Broadcasting In Multi-channel And Multi-hop Wireless Networks

Recent years have seen significant interest in using the multi-hop wireless networking paradigm for building ad hoc networks, sensor networks and mesh networks. A fundamental obstacle to building large scale multi-hop networks is the insufficient network capacity when route lengths and network density increase due to the limited spectrum shared in the neighborhood. The use of multiple radios which tuned to orthogonal channels can significantly improve the network capacity by employing concurrent transmissions under different channels, and that motivates the development of new protocols for multi-radio multi-channel networks.Broadcast is an important operation in multi-hop wireless networks. It is not only an important communication pattern in many wireless applications, but also the basic means for route discovery in unicast routing and a useful tool to maintain the multicast membership and multicast tree in some multicast routing protocols. Many approaches have been proposed for broadcasting problems. But they are not efficient in multi-radio multi-channel networks, since they do not consider its unique characteristics. In this paper, we study the efficient broadcasting problem under the multi-radio multi-channel and multi-hop environment. We propose 3 algorithms which focus on reducing the redundant traffic of broadcasting, mitigating the collision phenomenon, and improving the broadcasting capacity respectively.
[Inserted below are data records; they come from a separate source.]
lemma asym_dist_unique_minimizer:
  fixes s :: "nat \<Rightarrow> 'a"
  assumes complete: "complete (UNIV :: 'a set)" and w0: "sqrt \<kappa> * asym_dist s w0 < pi / 2"
  obtains u where "\<And>w. w \<noteq> u \<Longrightarrow> asym_dist s u < asym_dist s w"
proof -
  define \<psi> where "\<psi> w = cos (sqrt \<kappa> * asym_dist s w)" for w
  have bounds: "0 \<le> sqrt \<kappa> * asym_dist s w" "sqrt \<kappa> * asym_dist s w \<le> pi" for w
    using asym_dist_nonneg[of s w] scaled_asym_dist_le[of s w] sqrt_kappa_pos pi_gt_zero
    by (simp, linarith)
  have convex: "geod_convex_set (UNIV :: 'a set)" by (simp add: geod_convex_set_def)
  have concave: "midpoint_cos_concave UNIV \<psi>"
    unfolding \<psi>_def by (rule midpoint_cos_concave_asym_dist)
  have "continuous_on UNIV \<psi>"
    unfolding \<psi>_def using continuous_on_asym_dist by (intro continuous_intros)
  moreover have "bdd_above (range \<psi>)" by (intro bdd_aboveI[of _ 1]) (auto simp: \<psi>_def)
  moreover have pos: "\<psi> w0 > 0"
    using w0 bounds(1)[of w0] pi_gt_zero by (auto simp: \<psi>_def intro!: cos_gt_zero_pi)
  ultimately obtain u where u: "\<And>w. \<psi> w \<le> \<psi> u"
    using midpoint_cos_concave_has_max[OF complete closed_UNIV convex concave] by blast
  have "asym_dist s u < asym_dist s w" if "w \<noteq> u" for w
  proof -
    have "sqrt \<kappa> * asym_dist s u \<le> sqrt \<kappa> * asym_dist s w"
      using u[of w] bounds by (simp add: \<psi>_def cos_mono_le_eq)
    then have "asym_dist s u \<le> asym_dist s w" using sqrt_kappa_pos by simp
    moreover have "\<psi> w \<noteq> \<psi> u"
      using midpoint_cos_concave_max_unique[OF concave convex, of u w] u pos u[of w0] that by auto
    ultimately show ?thesis unfolding \<psi>_def by (cases "asym_dist s u = asym_dist s w") auto
  qed
  then show ?thesis by (rule that)
qed

end

locale proximal_point = small_CAT \<kappa> ty for \<kappa> and ty :: "'a::metric_space itself" +
  fixes f :: "'a \<Rightarrow> ereal" and lam :: "nat \<Rightarrow> real" and x :: "nat \<Rightarrow> 'a"
  assumes complete: "complete (UNIV :: 'a set)"
    and proper: "proper_fun f" and convex: "geod_convex_fun f" and lsc: "lsc_fun f"
    and has_min: "\<exists>m. \<forall>y. f m \<le> f y"
    and lam_pos: "\<And>n. lam n > 0" and lam_not_summable: "\<not> summable lam"
    and resolvent: "\<And>n. x (Suc n) \<in> resolvent_set \<kappa> f (lam n) (x n)"
begin

definition minimizers :: "'a set" where
  "minimizers = {m. \<forall>y. f m \<le> f y}"

definition pmin :: 'a where
  "pmin = (SOME m. m \<in> minimizers)"

definition fmin :: real where
  "fmin = real_of_ereal (f pmin)"

text \<open>Indexed like \<open>lam\<close>: \<open>fval n\<close> is the value at the resolvent output \<open>x (Suc n)\<close>.\<close>
definition fval :: "nat \<Rightarrow> real" where
  "fval n = real_of_ereal (f (x (Suc n)))"

lemma f_finite: "f w \<noteq> \<infinity> \<Longrightarrow> f w = ereal (real_of_ereal (f w))"
  using proper by (cases "f w") (auto simp: proper_fun_def)

lemma pmin_minimizer: "pmin \<in> minimizers"
proof -
  obtain m where "m \<in> minimizers" using has_min by (auto simp: minimizers_def)
  then show ?thesis unfolding pmin_def by (rule someI)
qed

lemma f_pmin: "f pmin = ereal fmin"
proof -
  obtain z where "f z \<noteq> \<infinity>" using proper by (auto simp: proper_fun_def)
  then have "f pmin \<noteq> \<infinity>" using pmin_minimizer by (auto simp: minimizers_def top_unique)
  then show ?thesis using f_finite by (simp add: fmin_def)
qed

lemma fmin_le: "ereal fmin \<le> f y"
  using pmin_minimizer f_pmin by (auto simp: minimizers_def)

lemma f_minimizer: "m \<in> minimizers \<Longrightarrow> f m = ereal fmin"
  using fmin_le[of m] f_pmin by (metis antisym mem_Collect_eq minimizers_def)

lemma resolvent_le:
  "f (x (Suc n)) + ereal (Psi \<kappa> (x n) (x (Suc n)) / lam n) \<le> f z + ereal (Psi \<kappa> (x n) z / lam n)"
  using resolvent by (auto simp: resolvent_set_def)

lemma f_iterate: "f (x (Suc n)) = ereal (fval n)"
proof -
  have "f (x (Suc n)) + ereal (Psi \<kappa> (x n) (x (Suc n)) / lam n) \<le> ereal (fmin + Psi \<kappa> (x n) pmin / lam n)"
    using resolvent_le[of n pmin] f_pmin by simp
  then have "f (x (Suc n)) \<noteq> \<infinity>" by auto
  then show ?thesis using f_finite by (simp add: fval_def)
qed

lemma fmin_le_fval: "fmin \<le> fval n"
  using fmin_le[of "x (Suc n)"] by (simp add: f_iterate)

lemma resolvent_le_real:
  "f z = ereal a \<Longrightarrow> fval n + Psi \<kappa> (x n) (x (Suc n)) / lam n \<le> a + Psi \<kappa> (x n) z / lam n"
  using resolvent_le[of n z] by (simp add: f_iterate)

lemma convex_finite:
  assumes g: "geodesic_path \<gamma> u v" and t: "0 \<le> t" "t \<le> 1" and "f u = ereal b" "f v = ereal a"
  obtains c where "f (\<gamma> (t * dist u v)) = ereal c" "c \<le> (1-t) * b + t * a"
proof -
  have "f (\<gamma> (t * dist u v)) \<le> ereal (1 - t) * f u + ereal t * f v"
    using convex g t unfolding geod_convex_fun_def by auto
  also have "\<dots> = ereal ((1-t) * b + t * a)" by (simp add: assms)
  finally have le: "f (\<gamma> (t * dist u v)) \<le> ereal ((1-t) * b + t * a)" .
  then have "f (\<gamma> (t * dist u v)) \<noteq> \<infinity>" by auto
  then show ?thesis using that le f_finite by (metis ereal_less_eq(3))
qed

text \<open>Convexity of \<open>f\<close> makes \<open>f\<close> not exceed \<open>f (x (n+1))\<close> on \<open>[x (n+1), m]\<close>, so the
  minimality of \<open>x (n+1)\<close> for \<open>f + \<Psi>\<^bsub>x n\<^esub> / \<lambda>\<^sub>n\<close> forces \<open>\<Psi>\<^bsub>x n\<^esub>\<close>, hence the distance
  to \<open>x n\<close>, to be minimal at \<open>x (n+1)\<close> along that geodesic.\<close>
lemma iterate_nearest_on_geodesic:
  assumes m: "m \<in> minimizers" and g: "geodesic_path \<gamma> (x (Suc n)) m"
    and s: "0 \<le> s" "s \<le> dist (x (Suc n)) m"
  shows "dist (x n) (x (Suc n)) \<le> dist (x n) (\<gamma> s)"
proof (cases "x (Suc n) = m")
  case True
  then show ?thesis using g s by (simp add: geodesic_path_def)
next
  case False
  define t where "t = s / dist (x (Suc n)) m"
  have t: "0 \<le> t" "t \<le> 1" "s = t * dist (x (Suc n)) m" using s False by (auto simp: t_def)
  obtain c where c: "f (\<gamma> s) = ereal c" "c \<le> (1-t) * fval n + t * fmin"
    using convex_finite[OF g t(1,2) f_iterate f_minimizer[OF m]] t(3) by metis
  have "(1-t) * fval n + t * fmin \<le> (1-t) * fval n + t * fval n"
    using fmin_le_fval t by (intro add_left_mono mult_left_mono) auto
  then have "c \<le> fval n" using c by (simp add: algebra_simps)
  then have "Psi \<kappa> (x n) (x (Suc n)) / lam n \<le> Psi \<kappa> (x n) (\<gamma> s) / lam n"
    using resolvent_le_real[OF c(1), of n] by linarith
  then have "Psi \<kappa> (x n) (x (Suc n)) \<le> Psi \<kappa> (x n) (\<gamma> s)"
    using lam_pos[of n] by (simp add: divide_le_cancel)
  then show ?thesis by (rule Psi_le_imp_dist_le)
qed

lemma dist_iterate_minimizer_Suc_le:
  assumes "m \<in> minimizers"
  shows "dist (x (Suc n)) m \<le> dist (x n) m"
proof -
  obtain \<gamma> where g: "geodesic_path \<gamma> (x (Suc n)) m" using geodesic_exists by blast
  have "cos (sqrt \<kappa> * dist (x n) m)
      \<le> cos (sqrt \<kappa> * dist (x n) (x (Suc n))) * cos (sqrt \<kappa> * dist (x (Suc n)) m)"
    using cos_dist_le_of_nearest[OF g] iterate_nearest_on_geodesic[OF assms g] by simp
  also have "\<dots> \<le> cos (sqrt \<kappa> * dist (x (Suc n)) m)"
    using cos_scaled_dist_pos[of "x (Suc n)" m] by (simp add: mult_left_le_one_le)
  finally show ?thesis by (simp add: cos_scaled_dist_le_iff)
qed

lemma decseq_dist_minimizer: "m \<in> minimizers \<Longrightarrow> decseq (\<lambda>n. dist (x n) m)"
  by (intro decseq_SucI dist_iterate_minimizer_Suc_le)

lemma dist_iterate_minimizer_le: "m \<in> minimizers \<Longrightarrow> dist (x n) m \<le> dist (x 0) m"
  using decseq_dist_minimizer by (simp add: decseq_def)

definition descent_const :: real where
  "descent_const = 3 * (1 + 1 / (cos (sqrt \<kappa> * dist (x 0) pmin))^2)"

lemma descent_estimate:
  "\<kappa> * (lam n * (fval n - fmin))
    \<le> descent_const * (cos (sqrt \<kappa> * dist (x (Suc n)) pmin) - cos (sqrt \<kappa> * dist (x n) pmin))"
proof -
  obtain \<gamma> where g: "geodesic_path \<gamma> (x (Suc n)) pmin" using geodesic_exists by blast
  have "cos (sqrt \<kappa> * dist (x 0) pmin) \<le> cos (sqrt \<kappa> * dist (x n) pmin)"
    using dist_iterate_minimizer_le[OF pmin_minimizer] by (simp add: cos_scaled_dist_le_iff)
  moreover have "t * (lam n * (fval n - fmin))
      \<le> Psi \<kappa> (x n) (\<gamma> (t * dist (x (Suc n)) pmin)) - Psi \<kappa> (x n) (x (Suc n))"
    if t: "0 < t" "t \<le> 1" for t
  proof -
    obtain c where c: "f (\<gamma> (t * dist (x (Suc n)) pmin)) = ereal c" "c \<le> (1-t) * fval n + t * fmin"
      using convex_finite[OF g _ t(2) f_iterate f_pmin] t by auto
    have "t * (fval n - fmin)
        \<le> (Psi \<kappa> (x n) (\<gamma> (t * dist (x (Suc n)) pmin)) - Psi \<kappa> (x n) (x (Suc n))) / lam n"
      using resolvent_le_real[OF c(1), of n] c(2) by (simp add: diff_divide_distrib algebra_simps)
    then show ?thesis using lam_pos[of n] by (simp add: le_divide_eq algebra_simps)
  qed
  ultimately show ?thesis
    unfolding descent_const_def
    using Psi_slope_bound[OF g iterate_nearest_on_geodesic[OF pmin_minimizer g] cos_scaled_dist_pos]
    by blast
qed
By reducing the broadcasting problem into the minimal strong connected dominating set problem of interface-extended graph, we propose a Self-Pruning approach to reduce the redundancy. Using Neighbor-Designation approach, we mitigate the collisions problem by comparing the broadcast routes history. We also proposed a conflict-free broadcast schedule scheme, which aims at improving the throughput of the networks, by using depth-first search technology to construct the broadcast tree.To evaluate these algorithms, we extend current NS-2 network simulator by adding multi-interface support for the mobile node. We implement our algorithms and evaluate them under different conditions. Simulation results show the efficiencies of our approaches.